▶ **Problem to solve**
Below are some records; quote exactly the lines from the one that contains "text \<open>Since e^x" through the one that contains "triangular minor.\<close>", inclusive, and no others.

▶ **Supplied records**
(* Let $s=1$, $d=2$ with basis $|+\rangle,|-\rangle$ and shift vectors $v_+=+1$, $v_-=-1$. Let $H=\frac1{\sqrt2}\begin{pmatrix}1&1\\1&-1\end{pmatrix}$, $\sigma_z=\mathrm{diag}(1,-1)$, and for $\varphi\in[-\pi,\pi)$ let $H_\varphi=e^{i\varphi\sigma_z}H$. Let $\mu$ be a Borel probability measure on $[-\pi,\pi)$ and let $\nu$ be the law of $H_\varphi$ when $\varphi\sim\mu$. Put $r_n=\big|\int e^{in\varphi}\mu(d\varphi)\big|$. If $r_1<1$ and $r_2<1$, then for the associated walk $\mathbf W$, $\mathbf W^2$ is strictly contractive on $\{\mathbb 1\}^\perp\subset\mathcal T$.
   Context: General setting: for a lattice dimension $s$, internal dimension $d$, shift vectors $v_1,\dots,v_d\in\mathbb Z^s$ and a Borel probability measure $\nu$ on $\mathcal U(d)$, put $\widetilde U=\int U\,\nu(dU)$, $T(B)=\int U^*BU\,\nu(dU)$. $\mathcal T$ denotes the Hilbert space of (a.e.-classes of) measurable functions $A:[0,2\pi)^s\to M_d(\mathbb C)$ with inner product $\langle A,B\rangle=(2\pi)^{-s}\int d^sp\,\frac1d\mathrm{tr}(A(p)^*B(p))$, norm $\|A\|=\langle A,A\rangle^{1/2}$ (momentum representation of translation-invariant operators on $\ell^2(\mathbb Z^s)\otimes\mathbb C^d$). $\mathbb 1$ is the constant identity function; $A_0=(2\pi)^{-s}\int A(p)d^sp$; $S(p)=\mathrm{diag}(e^{iv_1\cdot p},\dots,e^{iv_d\cdot p})$. The walk with shift $|x\otimes i\rangle\mapsto|x+v_i\otimes i\rangle$ and coins i.i.d. in space and time with law $\nu$ acts on $\mathcal T$ by $\mathbf W(A)(p)=S(p)^*\big[T(A_0)+\widetilde U^*(A(p)-A_0)\widetilde U\big]S(p)$. A bounded map $\mathbf V$ on $\mathcal T$ is strictly contractive on $\{\mathbb 1\}^\perp$ if there is $c<1$ with $\|\mathbf V(A)\|\le c\|A\|$ for all $A\in\mathcal T$ with $\langle\mathbb 1,A\rangle=0$. *)

theory Defs
  imports "HOL-Analysis.Analysis" "HOL-Probability.Probability"
begin

text \<open>Setting s = 1, d = 2. Matrices are complex 2x2 matrices (complex ^ 2 ^ 2);
  index 1 :: 2 is the basis vector |+>, index 2 :: 2 is |->.\<close>

type_synonym cmat = "complex ^ 2 ^ 2"

definition adj :: "cmat \<Rightarrow> cmat" where
  "adj A = (\<chi> i j. cnj (A $ j $ i))"

definition mtrace :: "cmat \<Rightarrow> complex" where
  "mtrace A = (\<Sum>i\<in>UNIV. A $ i $ i)"

definition idm :: cmat where
  "idm = (\<chi> i j. if i = j then 1 else 0)"

definition Had :: cmat where
  "Had = (\<chi> i j. (if i = 2 \<and> j = 2 then -1 else 1) / complex_of_real (sqrt 2))"

definition sigz :: cmat where
  "sigz = (\<chi> i j. if i = j then (if i = 1 then 1 else -1) else 0)"

definition Hphi :: "real \<Rightarrow> cmat" where
  "Hphi \<phi> = (\<chi> i j. if i = j then cis (\<phi> * Re (sigz $ i $ i)) else 0) ** Had"

definition shiftv :: "2 \<Rightarrow> real" where
  "shiftv i = (if i = 1 then 1 else -1)"

definition Smat :: "real \<Rightarrow> cmat" where
  "Smat p = (\<chi> i j. if i = j then cis (shiftv i * p) else 0)"

definition Uavg :: "cmat measure \<Rightarrow> cmat" where
  "Uavg \<nu> = (\<chi> i j. \<integral>U. U $ i $ j \<partial>\<nu>)"

definition Tch :: "cmat measure \<Rightarrow> cmat \<Rightarrow> cmat" where
  "Tch \<nu> B = (\<chi> i j. \<integral>U. (adj U ** B ** U) $ i $ j \<partial>\<nu>)"

text \<open>The space \<T>: functions [0,2pi) -> M_2(C), represented by Borel measurable
  functions on the reals whose values on [0,2pi) matter; square integrability.\<close>
definition inT :: "(real \<Rightarrow> cmat) \<Rightarrow> bool" where
  "inT A \<longleftrightarrow> (\<forall>i j. (\<lambda>p. A p $ i $ j) \<in> borel_measurable borel \<and>
      set_integrable lborel {0..<2*pi} (\<lambda>p. (cmod (A p $ i $ j))\<^sup>2))"
text \<open>Since e^x minus its Taylor polynomial of degree N - 1 equals x^N/N! times
  A(x) = \<Sum>m. N!/(N+m)! x^m, the generating function of the B_{N,n} is 1/A(x), where A(0) = 1.
  The first identity is the expansion of 1/A = 1/(1 + (A - 1)) into powers of A - 1, combined with
  the multinomial theorem; it is obtained by checking that the right-hand sides satisfy the
  recurrence c_n = -(a_1 c_(n-1) + ... + a_n c_0) of the coefficients of 1/A. The second identity
  holds for any pair of mutually inverse series: multiplying the Hessenberg matrix built from the
  coefficients of 1/A by a unit triangular matrix clears its first column except for the entry
  \<plusminus>a_n in the last row, and Laplace expansion along that column leaves a unit
  triangular minor.\<close>

definition hessenberg_matrix :: "nat \<Rightarrow> (nat \<Rightarrow> 'a::comm_ring_1) \<Rightarrow> 'a mat" where
  "hessenberg_matrix n b = mat n n (\<lambda>(i, j).
     if j \<le> i then (-1) ^ (i - j + 1) * b (i - j + 1) else if j = i + 1 then 1 else 0)"

lemma hessenberg_matrix_carrier [simp]: "hessenberg_matrix n b \<in> carrier_mat n n"
  and dim_row_hessenberg_matrix [simp]: "dim_row (hessenberg_matrix n b) = n"
  and dim_col_hessenberg_matrix [simp]: "dim_col (hessenberg_matrix n b) = n"
  by (simp_all add: hessenberg_matrix_def)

▶ **Exercise answer**
text \<open>Since e^x minus its Taylor polynomial of degree N - 1 equals x^N/N! times
  A(x) = \<Sum>m. N!/(N+m)! x^m, the generating function of the B_{N,n} is 1/A(x), where A(0) = 1.
  The first identity is the expansion of 1/A = 1/(1 + (A - 1)) into powers of A - 1, combined with
  the multinomial theorem; it is obtained by checking that the right-hand sides satisfy the
  recurrence c_n = -(a_1 c_(n-1) + ... + a_n c_0) of the coefficients of 1/A. The second identity
  holds for any pair of mutually inverse series: multiplying the Hessenberg matrix built from the
  coefficients of 1/A by a unit triangular matrix clears its first column except for the entry
  \<plusminus>a_n in the last row, and Laplace expansion along that column leaves a unit
  triangular minor.\<close>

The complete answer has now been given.